*WHAT TO WORK ON:*
Below is a listing. Copy each line of it that holds the word "powers".

:: INFORMATION ::

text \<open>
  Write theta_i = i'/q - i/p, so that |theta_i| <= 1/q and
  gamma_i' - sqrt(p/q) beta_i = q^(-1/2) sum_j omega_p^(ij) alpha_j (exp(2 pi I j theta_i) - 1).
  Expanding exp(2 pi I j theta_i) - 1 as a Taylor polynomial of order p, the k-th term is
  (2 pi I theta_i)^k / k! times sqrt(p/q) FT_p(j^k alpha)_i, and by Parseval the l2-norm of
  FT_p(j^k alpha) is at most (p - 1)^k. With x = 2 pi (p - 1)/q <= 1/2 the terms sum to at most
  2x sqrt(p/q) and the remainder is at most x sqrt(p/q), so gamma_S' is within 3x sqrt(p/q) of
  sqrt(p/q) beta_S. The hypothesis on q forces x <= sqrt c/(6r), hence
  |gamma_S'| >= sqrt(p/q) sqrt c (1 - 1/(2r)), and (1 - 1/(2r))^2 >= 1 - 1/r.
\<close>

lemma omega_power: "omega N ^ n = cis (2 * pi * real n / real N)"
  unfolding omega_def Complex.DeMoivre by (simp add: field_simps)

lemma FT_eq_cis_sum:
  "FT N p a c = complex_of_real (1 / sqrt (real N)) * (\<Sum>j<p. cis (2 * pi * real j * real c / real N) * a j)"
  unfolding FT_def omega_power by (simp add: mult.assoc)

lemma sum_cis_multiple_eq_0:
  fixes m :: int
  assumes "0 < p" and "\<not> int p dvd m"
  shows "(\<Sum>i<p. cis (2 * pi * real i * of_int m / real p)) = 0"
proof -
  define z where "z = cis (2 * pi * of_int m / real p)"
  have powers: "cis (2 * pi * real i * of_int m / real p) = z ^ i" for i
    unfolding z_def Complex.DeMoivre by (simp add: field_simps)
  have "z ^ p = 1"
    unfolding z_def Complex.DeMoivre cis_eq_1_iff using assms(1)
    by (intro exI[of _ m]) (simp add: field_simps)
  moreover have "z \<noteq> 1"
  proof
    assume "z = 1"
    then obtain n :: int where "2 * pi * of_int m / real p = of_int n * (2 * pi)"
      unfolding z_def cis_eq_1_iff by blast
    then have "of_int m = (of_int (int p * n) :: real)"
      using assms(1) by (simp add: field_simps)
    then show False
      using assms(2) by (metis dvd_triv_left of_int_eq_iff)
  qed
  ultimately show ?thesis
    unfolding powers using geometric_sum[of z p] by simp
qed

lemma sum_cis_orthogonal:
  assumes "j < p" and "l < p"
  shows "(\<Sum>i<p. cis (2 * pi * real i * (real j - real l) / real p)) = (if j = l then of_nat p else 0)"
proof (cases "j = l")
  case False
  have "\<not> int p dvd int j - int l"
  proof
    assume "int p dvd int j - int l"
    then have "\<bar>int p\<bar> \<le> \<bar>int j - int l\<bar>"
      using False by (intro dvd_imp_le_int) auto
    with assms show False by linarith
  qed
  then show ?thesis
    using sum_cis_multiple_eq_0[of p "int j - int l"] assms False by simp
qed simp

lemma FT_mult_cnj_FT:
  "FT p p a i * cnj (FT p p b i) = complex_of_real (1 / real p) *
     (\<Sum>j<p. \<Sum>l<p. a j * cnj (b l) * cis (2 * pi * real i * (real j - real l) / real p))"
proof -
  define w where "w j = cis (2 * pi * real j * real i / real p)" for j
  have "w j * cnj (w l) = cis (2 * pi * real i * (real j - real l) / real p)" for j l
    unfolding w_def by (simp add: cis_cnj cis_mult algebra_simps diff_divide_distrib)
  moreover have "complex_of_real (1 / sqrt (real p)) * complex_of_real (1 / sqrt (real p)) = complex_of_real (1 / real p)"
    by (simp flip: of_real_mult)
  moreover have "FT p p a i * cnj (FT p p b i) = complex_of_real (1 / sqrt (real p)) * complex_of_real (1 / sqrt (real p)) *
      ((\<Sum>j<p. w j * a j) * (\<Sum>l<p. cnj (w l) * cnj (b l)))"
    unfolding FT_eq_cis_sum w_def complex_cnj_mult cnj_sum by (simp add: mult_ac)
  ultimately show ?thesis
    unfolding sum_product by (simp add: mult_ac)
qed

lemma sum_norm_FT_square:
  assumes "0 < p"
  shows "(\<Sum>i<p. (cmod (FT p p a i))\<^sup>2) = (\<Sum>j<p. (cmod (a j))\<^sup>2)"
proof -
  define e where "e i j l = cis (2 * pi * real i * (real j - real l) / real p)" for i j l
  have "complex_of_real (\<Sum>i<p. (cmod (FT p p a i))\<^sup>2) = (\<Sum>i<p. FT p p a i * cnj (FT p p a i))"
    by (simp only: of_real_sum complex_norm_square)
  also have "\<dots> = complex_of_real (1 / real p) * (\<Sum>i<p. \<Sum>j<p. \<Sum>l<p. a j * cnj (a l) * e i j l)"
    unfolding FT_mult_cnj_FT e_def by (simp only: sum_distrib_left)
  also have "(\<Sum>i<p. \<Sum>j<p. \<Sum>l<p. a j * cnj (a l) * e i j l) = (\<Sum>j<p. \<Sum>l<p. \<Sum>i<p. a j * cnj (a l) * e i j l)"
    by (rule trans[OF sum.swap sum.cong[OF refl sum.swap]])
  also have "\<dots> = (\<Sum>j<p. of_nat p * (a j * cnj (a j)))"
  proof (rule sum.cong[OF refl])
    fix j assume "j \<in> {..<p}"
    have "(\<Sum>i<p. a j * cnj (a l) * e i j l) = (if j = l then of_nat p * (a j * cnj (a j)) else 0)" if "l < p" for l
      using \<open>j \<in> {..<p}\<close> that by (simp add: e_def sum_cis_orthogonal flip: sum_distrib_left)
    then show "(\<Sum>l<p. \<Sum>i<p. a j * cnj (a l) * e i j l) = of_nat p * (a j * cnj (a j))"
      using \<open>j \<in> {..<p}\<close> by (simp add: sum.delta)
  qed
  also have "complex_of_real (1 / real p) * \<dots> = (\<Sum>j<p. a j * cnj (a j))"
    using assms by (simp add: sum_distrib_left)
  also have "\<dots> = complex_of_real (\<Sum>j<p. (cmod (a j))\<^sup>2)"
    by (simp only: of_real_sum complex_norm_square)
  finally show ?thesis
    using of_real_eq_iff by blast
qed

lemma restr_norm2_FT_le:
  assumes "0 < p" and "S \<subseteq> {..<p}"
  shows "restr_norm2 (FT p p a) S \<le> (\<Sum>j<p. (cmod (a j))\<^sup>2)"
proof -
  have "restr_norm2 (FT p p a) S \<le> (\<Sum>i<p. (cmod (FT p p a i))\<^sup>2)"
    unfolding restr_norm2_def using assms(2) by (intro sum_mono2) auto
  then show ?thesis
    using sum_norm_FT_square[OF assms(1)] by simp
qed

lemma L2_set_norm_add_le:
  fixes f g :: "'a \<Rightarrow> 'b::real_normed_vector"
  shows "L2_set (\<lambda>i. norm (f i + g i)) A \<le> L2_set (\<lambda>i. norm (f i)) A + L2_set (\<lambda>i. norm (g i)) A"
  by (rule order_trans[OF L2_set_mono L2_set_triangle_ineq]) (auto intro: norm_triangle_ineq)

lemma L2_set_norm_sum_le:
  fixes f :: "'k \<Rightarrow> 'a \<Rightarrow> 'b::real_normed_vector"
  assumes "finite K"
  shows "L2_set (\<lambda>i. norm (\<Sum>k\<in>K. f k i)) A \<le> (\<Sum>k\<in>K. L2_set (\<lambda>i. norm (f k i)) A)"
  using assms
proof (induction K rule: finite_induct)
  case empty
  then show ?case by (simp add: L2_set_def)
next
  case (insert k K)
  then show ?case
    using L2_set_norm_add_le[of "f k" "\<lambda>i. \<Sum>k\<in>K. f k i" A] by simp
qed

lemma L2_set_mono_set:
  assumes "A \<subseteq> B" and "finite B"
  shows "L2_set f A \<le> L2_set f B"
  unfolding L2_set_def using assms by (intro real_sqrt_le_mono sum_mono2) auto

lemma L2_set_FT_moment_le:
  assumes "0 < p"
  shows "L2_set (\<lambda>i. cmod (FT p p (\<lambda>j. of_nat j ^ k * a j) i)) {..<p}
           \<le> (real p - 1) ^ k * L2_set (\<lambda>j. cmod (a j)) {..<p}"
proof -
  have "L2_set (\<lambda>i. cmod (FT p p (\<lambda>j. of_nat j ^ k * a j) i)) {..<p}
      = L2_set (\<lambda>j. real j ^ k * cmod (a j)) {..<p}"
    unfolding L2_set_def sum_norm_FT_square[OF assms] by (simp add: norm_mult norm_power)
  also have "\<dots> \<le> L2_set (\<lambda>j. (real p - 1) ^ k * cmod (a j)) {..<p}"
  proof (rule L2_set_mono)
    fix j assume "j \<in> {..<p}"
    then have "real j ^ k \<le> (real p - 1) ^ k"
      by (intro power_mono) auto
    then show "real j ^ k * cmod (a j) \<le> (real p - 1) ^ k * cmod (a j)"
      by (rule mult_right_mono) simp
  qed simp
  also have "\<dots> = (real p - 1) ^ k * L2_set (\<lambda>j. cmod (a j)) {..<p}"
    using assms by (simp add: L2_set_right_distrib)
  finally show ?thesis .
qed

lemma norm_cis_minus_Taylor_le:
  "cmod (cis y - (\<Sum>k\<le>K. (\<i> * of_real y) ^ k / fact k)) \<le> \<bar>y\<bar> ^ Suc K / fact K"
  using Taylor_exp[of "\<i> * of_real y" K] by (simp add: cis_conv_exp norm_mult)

:::

*YOUR RESPONSE:*
  have powers: "cis (2 * pi * real i * of_int m / real p) = z ^ i" for i
    unfolding powers using geometric_sum[of z p] by simp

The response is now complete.